Tark whistled. Definitely impressive, if it could launch without ripping itself to pieces. He thought back to the man who had interviewed him. The gruff, crude man with a twinkle in his eye. If he expected Tark to make this thing swerve through a debris field, he had another thing coming. “Although this junkheap is so reinforced for movement, it could probably just punch through anything short of a planet,” he muttered, stepping off of the ferry with a wave to the pilot. “Thanks, matho. Have a good one.”
Once inside, Tark quickly became aware that he was utterly lost.

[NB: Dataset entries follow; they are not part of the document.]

(* Let $(U,\mathrm{dist})$ be a metric space, $\varepsilon,\delta,\gamma>0$, $\eta>0$, $\Lambda\in\mathbb{R}_{>0}\cup\{\infty\}$. Let $g_L(x,x')=1+\gamma\,\mathrm{dist}(x,x')$. Let $f:U\to\mathbb{R}$ and let $B(\cdot)$ be a $g_L$-smooth upper bound on $\mathrm{L}_{f,\Lambda}$. Then the mechanism $M$ which on input $x$ releases $M(x)=f(x)+\frac{B(x)}{\eta}Z$ with $Z\sim\mathrm{Lap}(0,1)$ is $(\varepsilon,\delta,\Lambda)$-GP with $\varepsilon=\eta+\gamma\ln(1/\delta)$.
   Context: $\mathrm{L}_{f,\Lambda}(x)$ is the infimum of all $K$ such that $|f(x)-f(x')|\le K\,\mathrm{dist}(x,x')$ for all $x'\in U$ with $\mathrm{dist}(x,x')\le\Lambda$. A $g$-smooth upper bound on $\mathrm{L}_{f,\Lambda}$ is $B:U\to\mathbb{R}_{\ge0}$ with (1) $B(x)\ge\mathrm{L}_{f,\Lambda}(x)$ for all $x$ and (2) $B(x)\le g(x,x')B(x')$ for all $x,x'\in U$. $\mathrm{Lap}(0,1)$ has density $\frac12e^{-|y|}$. A mechanism $M$ with outputs in $\mathbb{R}$ is $(\varepsilon,\delta,\Lambda)$-GP if for every measurable $S\subseteq\mathbb{R}$ and all $x,x'$ with $\mathrm{dist}(x,x')\le\Lambda$: $\Pr[M(x)\in S]\le e^{\varepsilon\,\mathrm{dist}(x,x')}\Pr[M(x')\in S]+\delta$. *)

theory Defs
  imports "HOL-Probability.Probability"
begin

text \<open>Lambda is an extended real so that Lambda = infinity is allowed.\<close>
definition local_lip :: "('a::metric_space \<Rightarrow> real) \<Rightarrow> ereal \<Rightarrow> 'a \<Rightarrow> ereal" where
  "local_lip f \<Lambda> x = Inf {ereal K | K. \<forall>x'. ereal (dist x x') \<le> \<Lambda> \<longrightarrow>
      \<bar>f x - f x'\<bar> \<le> K * dist x x'}"

definition smooth_upper_bound ::
  "('a::metric_space \<Rightarrow> 'a \<Rightarrow> real) \<Rightarrow> ('a \<Rightarrow> real) \<Rightarrow> ereal \<Rightarrow> ('a \<Rightarrow> real) \<Rightarrow> bool" where
  "smooth_upper_bound g f \<Lambda> B \<longleftrightarrow>
     (\<forall>x. B x \<ge> 0) \<and>
     (\<forall>x. local_lip f \<Lambda> x \<le> ereal (B x)) \<and>
     (\<forall>x x'. B x \<le> g x x' * B x')"

definition laplace_measure :: "real measure" where
  "laplace_measure = density lborel (\<lambda>y. ennreal (exp (- \<bar>y\<bar>) / 2))"

definition laplace_mech :: "('a \<Rightarrow> real) \<Rightarrow> ('a \<Rightarrow> real) \<Rightarrow> real \<Rightarrow> 'a \<Rightarrow> real measure" where
  "laplace_mech f B \<eta> x = distr laplace_measure borel (\<lambda>z. f x + B x / \<eta> * z)"

definition is_GP :: "('a::metric_space \<Rightarrow> real measure) \<Rightarrow> real \<Rightarrow> real \<Rightarrow> ereal \<Rightarrow> bool" where
  "is_GP M \<epsilon> \<delta> \<Lambda> \<longleftrightarrow>
     (\<forall>S \<in> sets borel. \<forall>x x'. ereal (dist x x') \<le> \<Lambda> \<longrightarrow>
        measure (M x) S \<le> exp (\<epsilon> * dist x x') * measure (M x') S + \<delta>)"

end

theory Submission
  imports Defs
begin

(* Write m = f x, s = B x / eta, d = dist x x', and m', s' for the same quantities at x'.
   The substitution w = (m - m') / s' + (s / s') z turns both output probabilities into
   integrals of the Laplace density p against the same indicator, M(x') contributing
   rho * p (t + rho z) with rho = s / s' and |t| <= eta d (local Lipschitz bound), while
   smoothness of B gives 1 <= (1 + gamma d) rho and rho <= 1 + gamma d. The shift t costs
   the factor e^(eta d). If rho <= 1, the remaining factor rho is absorbed by
   e^(gamma d ln(1/delta)) up to delta * p z, because
   (1 - delta)(1 + gamma d) <= 1 + gamma d ln(1/delta).
   If rho > 1, then p z <= e^((rho - 1)|z|) p (rho z) with (rho - 1)|z| <= gamma d ln(1/delta)
   as long as |z| <= ln(1/delta), and the Laplace tail beyond ln(1/delta) has mass delta. *)

definition laplace_pdf :: "real \<Rightarrow> real" where
  "laplace_pdf z = exp (- \<bar>z\<bar>) / 2"

definition laplace_loc_scale :: "real \<Rightarrow> real \<Rightarrow> real measure" where
  "laplace_loc_scale m s = distr laplace_measure borel (\<lambda>z. m + s * z)"

lemma laplace_mech_eq_laplace_loc_scale:
  "laplace_mech f B \<eta> x = laplace_loc_scale (f x) (B x / \<eta>)"
  by (simp add: laplace_mech_def laplace_loc_scale_def)

lemma local_lip_le:
  fixes f :: "'a::metric_space \<Rightarrow> real"
  assumes lip: "local_lip f \<Lambda> x \<le> ereal b" and near: "ereal (dist x x') \<le> \<Lambda>"
  shows "\<bar>f x - f x'\<bar> \<le> b * dist x x'"
proof -
  have bound: "\<bar>f x - f x'\<bar> \<le> K * dist x x'" if "b < K" for K
  proof -
    from lip \<open>b < K\<close> have "local_lip f \<Lambda> x < ereal K"
      by (simp add: le_less_trans)
    then obtain K0 where "K0 < K"
      and "\<forall>x'. ereal (dist x x') \<le> \<Lambda> \<longrightarrow> \<bar>f x - f x'\<bar> \<le> K0 * dist x x'"
      unfolding local_lip_def Inf_less_iff by auto
    with near have "\<bar>f x - f x'\<bar> \<le> K0 * dist x x'" by blast
    also have "\<dots> \<le> K * dist x x'"
      using \<open>K0 < K\<close> by (simp add: mult_right_mono)
    finally show ?thesis .
  qed
  show ?thesis
  proof (cases "x = x'")
    case False
    then have "0 < dist x x'" by simp
    have "\<bar>f x - f x'\<bar> / dist x x' \<le> b"
    proof (rule dense_ge)
      fix K
      assume "b < K"
      with bound \<open>0 < dist x x'\<close> show "\<bar>f x - f x'\<bar> / dist x x' \<le> K"
        by (simp add: pos_divide_le_eq)
    qed
    with \<open>0 < dist x x'\<close> show ?thesis
      by (simp add: pos_divide_le_eq)
  qed simp
qed

lemma laplace_pdf_nonneg: "0 \<le> laplace_pdf z"
  by (simp add: laplace_pdf_def)

lemma borel_measurable_laplace_pdf [measurable]: "laplace_pdf \<in> borel_measurable borel"
  unfolding laplace_pdf_def by measurable

lemma laplace_measure_eq_density:
  "laplace_measure = density lborel (\<lambda>z. ennreal (laplace_pdf z))"
  by (simp add: laplace_measure_def laplace_pdf_def)

lemma nn_integral_laplace_pdf_Ici:
  assumes "0 \<le> a"
  shows "(\<integral>\<^sup>+z. ennreal (laplace_pdf z) * indicator {a..} z \<partial>lborel) = ennreal (exp (- a) / 2)"
proof -
  have "(\<integral>\<^sup>+z. ennreal (laplace_pdf z) * indicator {a..} z \<partial>lborel)
      = (\<integral>\<^sup>+z. ennreal (laplace_pdf (a + 1 * z)) * indicator {a..} (a + 1 * z) \<partial>lborel)"
    by (subst nn_integral_real_affine[where c = 1 and t = a]) auto
  also have "\<dots> = (\<integral>\<^sup>+z. ennreal (exp (- a) / 2) * (ennreal (exp (- z)) * indicator {0..} z) \<partial>lborel)"
    using assms
    by (intro nn_integral_cong)
      (auto simp: laplace_pdf_def exp_add exp_minus ennreal_mult'[symmetric] field_simps
        split: split_indicator)
  also have "\<dots> = ennreal (exp (- a) / 2)"
    using nn_intergal_power_times_exp_Ici[of 0] by (simp add: nn_integral_cmult)
  finally show ?thesis .
qed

Where was he supposed to go on a spacecraft the size of an entire city? “Hey, AI!” He called out, shrugging. “Any chance I can get an assist here? My tiny human brain is too small to understand where to go.”
No sooner had he said that, a comms ping was made on the highest priority. Signed ‘
Nemesis, ATLAS-class ship intelligence of Apollyon’ with the note ‘
I wasn’t sure whether you were a real person’.
“
I can honestly say I am shocked to see someone with one of those implants. Log onto my VR-net and we can get this tour squared away.”
Tark raised an eyebrow.
Sorry my brain isn’t an open book for your, man. Robot. Whatever. He sighed, pulling out one of the KnowLibes he constantly kept with him. NetConnect 3, a staple for today’s day and age.
Holding the small chip between index and thumb, he ran it down the back of his head, almost like a comb for his hair. A shiver went down his spine as something
unlocked inside of him. That would be the MNL being rewritten. Sure enough, a moment later a HUD popped into view. “Logging in now,” he said, though he was sure the AI--Nemesis?--would be able to see that as well. “Are Always-On Neural Laces that common around here? Hardly a quarter of my colleagues use these things on VPO.”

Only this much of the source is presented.